[Study material]
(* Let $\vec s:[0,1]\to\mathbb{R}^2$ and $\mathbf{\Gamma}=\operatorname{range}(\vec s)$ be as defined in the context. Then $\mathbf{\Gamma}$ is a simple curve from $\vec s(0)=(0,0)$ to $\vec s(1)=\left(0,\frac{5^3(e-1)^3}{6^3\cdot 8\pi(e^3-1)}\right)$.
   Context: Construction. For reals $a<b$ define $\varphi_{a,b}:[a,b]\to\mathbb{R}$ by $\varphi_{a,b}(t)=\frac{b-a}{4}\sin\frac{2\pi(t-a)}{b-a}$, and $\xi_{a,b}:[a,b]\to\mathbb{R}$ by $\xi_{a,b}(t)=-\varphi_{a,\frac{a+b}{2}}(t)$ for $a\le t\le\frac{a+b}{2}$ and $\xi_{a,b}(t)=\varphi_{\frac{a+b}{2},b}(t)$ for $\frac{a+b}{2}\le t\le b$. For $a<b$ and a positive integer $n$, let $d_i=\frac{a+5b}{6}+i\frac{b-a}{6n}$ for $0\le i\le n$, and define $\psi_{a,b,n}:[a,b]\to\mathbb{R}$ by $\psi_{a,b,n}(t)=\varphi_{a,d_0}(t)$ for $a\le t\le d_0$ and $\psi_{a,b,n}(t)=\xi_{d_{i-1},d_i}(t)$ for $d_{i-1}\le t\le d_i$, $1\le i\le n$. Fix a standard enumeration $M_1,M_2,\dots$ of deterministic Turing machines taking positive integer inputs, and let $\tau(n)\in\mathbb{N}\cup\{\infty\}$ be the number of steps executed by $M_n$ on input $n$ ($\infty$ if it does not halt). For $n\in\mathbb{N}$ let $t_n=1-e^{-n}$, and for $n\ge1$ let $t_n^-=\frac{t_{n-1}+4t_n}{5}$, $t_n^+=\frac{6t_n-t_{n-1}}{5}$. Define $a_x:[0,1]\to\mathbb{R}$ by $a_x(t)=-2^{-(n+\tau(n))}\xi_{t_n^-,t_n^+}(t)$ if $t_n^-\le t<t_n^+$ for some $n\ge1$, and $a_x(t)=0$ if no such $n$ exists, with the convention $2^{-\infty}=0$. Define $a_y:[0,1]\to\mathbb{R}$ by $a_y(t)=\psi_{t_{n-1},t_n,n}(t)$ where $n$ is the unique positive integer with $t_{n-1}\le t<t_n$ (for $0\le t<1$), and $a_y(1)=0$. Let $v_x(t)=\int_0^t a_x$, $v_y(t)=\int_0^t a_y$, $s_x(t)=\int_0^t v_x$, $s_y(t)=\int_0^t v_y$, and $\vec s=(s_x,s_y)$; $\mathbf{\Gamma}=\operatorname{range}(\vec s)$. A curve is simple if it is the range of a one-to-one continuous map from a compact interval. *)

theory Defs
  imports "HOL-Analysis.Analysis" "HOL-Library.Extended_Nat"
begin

---

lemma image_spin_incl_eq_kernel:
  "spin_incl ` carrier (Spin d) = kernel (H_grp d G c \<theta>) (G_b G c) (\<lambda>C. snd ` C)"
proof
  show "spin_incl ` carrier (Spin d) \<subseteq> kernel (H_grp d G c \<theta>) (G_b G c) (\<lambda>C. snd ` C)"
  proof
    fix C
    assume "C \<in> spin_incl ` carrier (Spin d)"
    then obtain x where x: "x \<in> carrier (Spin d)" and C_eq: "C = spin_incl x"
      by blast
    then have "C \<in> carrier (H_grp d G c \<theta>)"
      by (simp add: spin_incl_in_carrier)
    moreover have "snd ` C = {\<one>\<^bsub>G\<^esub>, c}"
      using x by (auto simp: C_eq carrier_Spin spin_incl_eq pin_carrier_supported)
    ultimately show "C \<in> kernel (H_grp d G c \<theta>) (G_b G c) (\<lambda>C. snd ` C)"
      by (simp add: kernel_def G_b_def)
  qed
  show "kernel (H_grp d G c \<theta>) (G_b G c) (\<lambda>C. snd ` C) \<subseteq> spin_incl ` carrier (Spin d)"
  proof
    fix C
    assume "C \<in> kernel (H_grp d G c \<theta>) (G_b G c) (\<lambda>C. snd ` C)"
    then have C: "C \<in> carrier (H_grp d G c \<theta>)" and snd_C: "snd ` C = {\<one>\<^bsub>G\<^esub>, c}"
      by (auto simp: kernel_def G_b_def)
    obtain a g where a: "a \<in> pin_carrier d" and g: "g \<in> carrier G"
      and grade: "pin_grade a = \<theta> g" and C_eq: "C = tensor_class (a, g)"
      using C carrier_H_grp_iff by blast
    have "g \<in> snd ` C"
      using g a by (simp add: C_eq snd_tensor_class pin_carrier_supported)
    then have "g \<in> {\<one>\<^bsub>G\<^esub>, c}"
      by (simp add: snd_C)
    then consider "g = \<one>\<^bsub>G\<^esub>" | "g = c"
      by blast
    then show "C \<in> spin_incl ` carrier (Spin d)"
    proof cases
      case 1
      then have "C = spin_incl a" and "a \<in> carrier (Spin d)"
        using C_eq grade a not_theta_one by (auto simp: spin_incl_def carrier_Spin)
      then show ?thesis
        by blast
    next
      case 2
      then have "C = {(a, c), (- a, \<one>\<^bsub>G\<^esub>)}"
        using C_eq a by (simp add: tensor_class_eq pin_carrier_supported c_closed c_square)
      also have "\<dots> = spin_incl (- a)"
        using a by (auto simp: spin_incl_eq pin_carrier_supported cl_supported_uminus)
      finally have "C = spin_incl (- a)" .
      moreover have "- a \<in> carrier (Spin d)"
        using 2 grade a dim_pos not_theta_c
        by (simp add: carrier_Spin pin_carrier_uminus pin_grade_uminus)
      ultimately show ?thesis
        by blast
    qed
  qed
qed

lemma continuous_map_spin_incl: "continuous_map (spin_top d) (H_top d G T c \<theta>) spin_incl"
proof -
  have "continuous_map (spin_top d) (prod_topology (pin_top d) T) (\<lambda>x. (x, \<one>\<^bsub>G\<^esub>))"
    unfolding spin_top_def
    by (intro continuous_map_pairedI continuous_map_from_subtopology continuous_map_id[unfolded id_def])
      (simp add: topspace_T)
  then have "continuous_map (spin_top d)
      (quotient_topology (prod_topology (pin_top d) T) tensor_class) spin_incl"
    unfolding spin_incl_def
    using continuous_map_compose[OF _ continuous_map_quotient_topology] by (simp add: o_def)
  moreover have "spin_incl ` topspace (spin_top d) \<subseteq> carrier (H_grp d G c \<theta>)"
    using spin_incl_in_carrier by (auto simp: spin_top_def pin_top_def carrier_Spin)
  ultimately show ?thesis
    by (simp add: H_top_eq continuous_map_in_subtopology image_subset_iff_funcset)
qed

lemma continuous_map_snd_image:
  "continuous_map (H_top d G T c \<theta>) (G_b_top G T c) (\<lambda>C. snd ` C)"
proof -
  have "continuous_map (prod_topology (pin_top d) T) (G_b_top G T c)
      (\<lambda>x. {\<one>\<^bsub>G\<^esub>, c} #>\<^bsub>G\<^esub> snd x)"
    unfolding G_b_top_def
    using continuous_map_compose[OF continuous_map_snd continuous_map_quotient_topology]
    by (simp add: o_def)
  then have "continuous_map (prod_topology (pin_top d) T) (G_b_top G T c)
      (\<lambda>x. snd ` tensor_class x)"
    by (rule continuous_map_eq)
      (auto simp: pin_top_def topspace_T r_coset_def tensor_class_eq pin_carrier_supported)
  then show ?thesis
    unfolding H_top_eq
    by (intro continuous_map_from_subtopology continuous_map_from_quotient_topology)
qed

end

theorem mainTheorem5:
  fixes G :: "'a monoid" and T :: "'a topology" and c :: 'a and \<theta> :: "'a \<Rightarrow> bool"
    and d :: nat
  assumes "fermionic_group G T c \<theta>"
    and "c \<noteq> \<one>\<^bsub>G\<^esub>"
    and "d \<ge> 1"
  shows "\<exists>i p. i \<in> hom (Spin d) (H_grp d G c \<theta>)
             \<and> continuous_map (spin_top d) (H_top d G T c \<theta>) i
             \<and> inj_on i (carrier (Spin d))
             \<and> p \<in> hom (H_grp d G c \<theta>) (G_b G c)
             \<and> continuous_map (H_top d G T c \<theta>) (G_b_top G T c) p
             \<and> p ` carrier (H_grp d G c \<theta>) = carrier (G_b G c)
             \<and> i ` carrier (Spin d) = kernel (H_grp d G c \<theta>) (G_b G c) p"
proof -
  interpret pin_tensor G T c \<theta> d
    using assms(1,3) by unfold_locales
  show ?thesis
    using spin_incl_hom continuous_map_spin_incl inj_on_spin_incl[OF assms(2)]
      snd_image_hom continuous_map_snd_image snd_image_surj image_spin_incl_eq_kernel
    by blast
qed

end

[Work instruction]
From the entries above, collect every line with the string "subseteq" in it.

[Exercise solution]
  show "spin_incl ` carrier (Spin d) \<subseteq> kernel (H_grp d G c \<theta>) (G_b G c) (\<lambda>C. snd ` C)"
  show "kernel (H_grp d G c \<theta>) (G_b G c) (\<lambda>C. snd ` C) \<subseteq> spin_incl ` carrier (Spin d)"
  moreover have "spin_incl ` topspace (spin_top d) \<subseteq> carrier (H_grp d G c \<theta>)"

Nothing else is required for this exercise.